Closed songeric1107 closed 1 year ago
A signature number around 25 is a good point as the result converges. You can try some other approaches in the sigminer to explore the proper signature number.
thank you for your quick response, why 25 is a good point? based on silhouette consense score? or other index. how to use those index to determine the best representative? Why not 11? I see a drop after 11 based on cophenetic score? Will more signatures overfit the results? Thank you
Yeah, 11 is Ok. Based on the NMF survey plot, you can determine a proper signature number with your observations on some specific measure like cophenetic or silhoutee. However, you cannot automatically determine the signature number.
Try using sig_auto_extract
with bayesian NMF or using bootstrapped NMF to get a more robust estimation of the matrix decomposition (https://shixiangwang.github.io/sigminer/articles/sigminer.html).
In general, we want the signatures we obtained are different from each other while keep less reconstruction error from the matrix decomposition.

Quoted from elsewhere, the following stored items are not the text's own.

text \<open>The list vs = [v_1,...,v_t] describes the cycle v_1 v_2 ... v_t v_1 in G (a subgraph, not necessarily induced).\<close>
definition is_cycle :: "'a set \<Rightarrow> ('a \<Rightarrow> 'a \<Rightarrow> bool) \<Rightarrow> 'a list \<Rightarrow> bool" where
  "is_cycle V E vs \<longleftrightarrow> length vs \<ge> 3 \<and> distinct vs \<and> set vs \<subseteq> V \<and>
     (\<forall>i < length vs. E (vs ! i) (vs ! ((i + 1) mod length vs)))"

text \<open>G[W] is a path: W can be listed as distinct ps such that two vertices of W are adjacent
  in G exactly when they are consecutive in ps.\<close>
definition induced_path :: "('a \<Rightarrow> 'a \<Rightarrow> bool) \<Rightarrow> 'a set \<Rightarrow> bool" where
  "induced_path E W \<longleftrightarrow> (\<exists>ps. distinct ps \<and> set ps = W \<and>
     (\<forall>i < length ps. \<forall>j < length ps. E (ps ! i) (ps ! j) \<longleftrightarrow> (i = j + 1 \<or> j = i + 1)))"

end

theory Submission imports Defs begin

text \<open>Cut the cycle into arcs of consecutive vertices. Bipartiteness makes vertices at even
  distance along the cycle non-adjacent, so an arc of at most five vertices induces a path unless it
  contains a chord v_i v_{i+3}. If 3 divides the length, arcs of three vertices suffice. Otherwise one
  arc of four or five vertices, or two arcs of four, must be placed free of such chords. Cubicity
  forbids the chords v_i v_{i+3} and v_{i+3} v_{i+6} together, as v_{i+3} would get four neighbours.
  So either two consecutive positions carry no chord (one arc of five), or a chord at i forces none
  at i+3, hence one at i+4 and none at i+7 (two arcs of four starting at i+3 and i+7).\<close>

definition path_partition :: "('a \<Rightarrow> 'a \<Rightarrow> bool) \<Rightarrow> 'a set \<Rightarrow> 'a set set \<Rightarrow> bool" where
  "path_partition E X P \<longleftrightarrow> \<Union>P = X \<and> (\<forall>W\<in>P. W \<noteq> {}) \<and>
     (\<forall>W1\<in>P. \<forall>W2\<in>P. W1 \<noteq> W2 \<longrightarrow> W1 \<inter> W2 = {}) \<and>
     (\<forall>W\<in>P. induced_path E W \<and> card W \<ge> 2)"

lemma simple_graph_sym: "simple_graph V E \<Longrightarrow> E x y \<Longrightarrow> E y x"
  unfolding simple_graph_def by blast

lemma simple_graph_irrefl: "simple_graph V E \<Longrightarrow> \<not> E x x"
  unfolding simple_graph_def by blast

lemma is_cycle_edge_mod:
  assumes "is_cycle V E vs"
  shows "E (vs ! (j mod length vs)) (vs ! (Suc j mod length vs))"
proof -
  have "length vs > 0" using assms unfolding is_cycle_def by auto
  then have "j mod length vs < length vs" by simp
  then have "E (vs ! (j mod length vs)) (vs ! ((j mod length vs + 1) mod length vs))"
    using assms unfolding is_cycle_def by blast
  then show ?thesis by (simp add: mod_Suc_eq)
qed

lemma is_cycle_edge:
  "is_cycle V E vs \<Longrightarrow> Suc j < length vs \<Longrightarrow> E (vs ! j) (vs ! Suc j)"
  using is_cycle_edge_mod[of V E vs j] by simp

lemma is_cycle_rotate:
  assumes cy: "is_cycle V E vs"
  shows "is_cycle V E (rotate r vs)"
  unfolding is_cycle_def
proof (intro conjI allI impI)
  show "length (rotate r vs) \<ge> 3" "distinct (rotate r vs)" "set (rotate r vs) \<subseteq> V"
    using cy unfolding is_cycle_def by auto
  fix i assume i: "i < length (rotate r vs)"
  let ?t = "length vs"
  have "0 < ?t" using i by auto
  have "rotate r vs ! ((i + 1) mod length (rotate r vs)) = vs ! ((r + (i + 1) mod ?t) mod ?t)"
    using \<open>0 < ?t\<close> by (subst nth_rotate) auto
  also have "(r + (i + 1) mod ?t) mod ?t = Suc (r + i) mod ?t"
    by (simp add: mod_add_right_eq)
  finally show "E (rotate r vs ! i) (rotate r vs ! ((i + 1) mod length (rotate r vs)))"
    using i is_cycle_edge_mod[OF cy, of "r + i"] by (simp add: nth_rotate)
qed

lemma bipartite_cycle_edge_odd:
  assumes bp: "bipartite V E" and cy: "is_cycle V E vs"
    and "p < length vs" "q < length vs" and e: "E (vs ! p) (vs ! q)"
  shows "odd (p + q)"
proof -
  obtain A B where AB: "\<forall>x y. E x y \<longrightarrow> (x \<in> A \<and> y \<in> B) \<or> (x \<in> B \<and> y \<in> A)" "A \<inter> B = {}"
    using bp unfolding bipartite_def by blast
  have colour: "vs ! n \<in> A \<longleftrightarrow> (vs ! 0 \<in> A \<longleftrightarrow> even n)" if "n < length vs" for n
    using that
  proof (induction n)
    case (Suc n)
    have "E (vs ! n) (vs ! Suc n)" using is_cycle_edge[OF cy Suc.prems] .
    then have "vs ! Suc n \<in> A \<longleftrightarrow> vs ! n \<notin> A" using AB by blast
    then show ?case using Suc by auto
  qed simp
  have "vs ! p \<in> A \<longleftrightarrow> vs ! q \<notin> A" using e AB by blast
  then show ?thesis using colour assms(3,4) by auto
qed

I did try the bayesian NMF methods, the suggested signature is 4 (proj2$suggested), I am not sure how that number is selected. if you check the consense plot, 4 signatures do not make sense to me. signature.syn.consense.pdf
Sorry, I also have another question. If I have datasets from two groups, should I combine datasets together for mutation signature analysis? I could check the contributions difference between groups for any signature being identified. Or should I do signature selection separately? thanks
signature.syn.consense.pdf
Have you tried with a large initial signature in sig_auto_extract()
, the default value is 25, which may not fit your data, you can take sample number - 1 to try.
Sorry, I also have another question. If I have datasets from two groups, should I combine datasets together for mutation signature analysis? I could check the contributions difference between groups for any signature being identified. Or should I do signature selection separately? thanks
For comparison purpose, combine the data is more recommended.
thank you. I tried to use the a large initial signature =samplenumer-1, only 1 signature is returned.
mt_sig2 <- sig_auto_extract(signature.syn, K0 = 56, nrun = 30, strategy = "stable",cores=2)
Progress: ──────────────────────────────────── 100%Select Run 5, which K = 1 as the best solution.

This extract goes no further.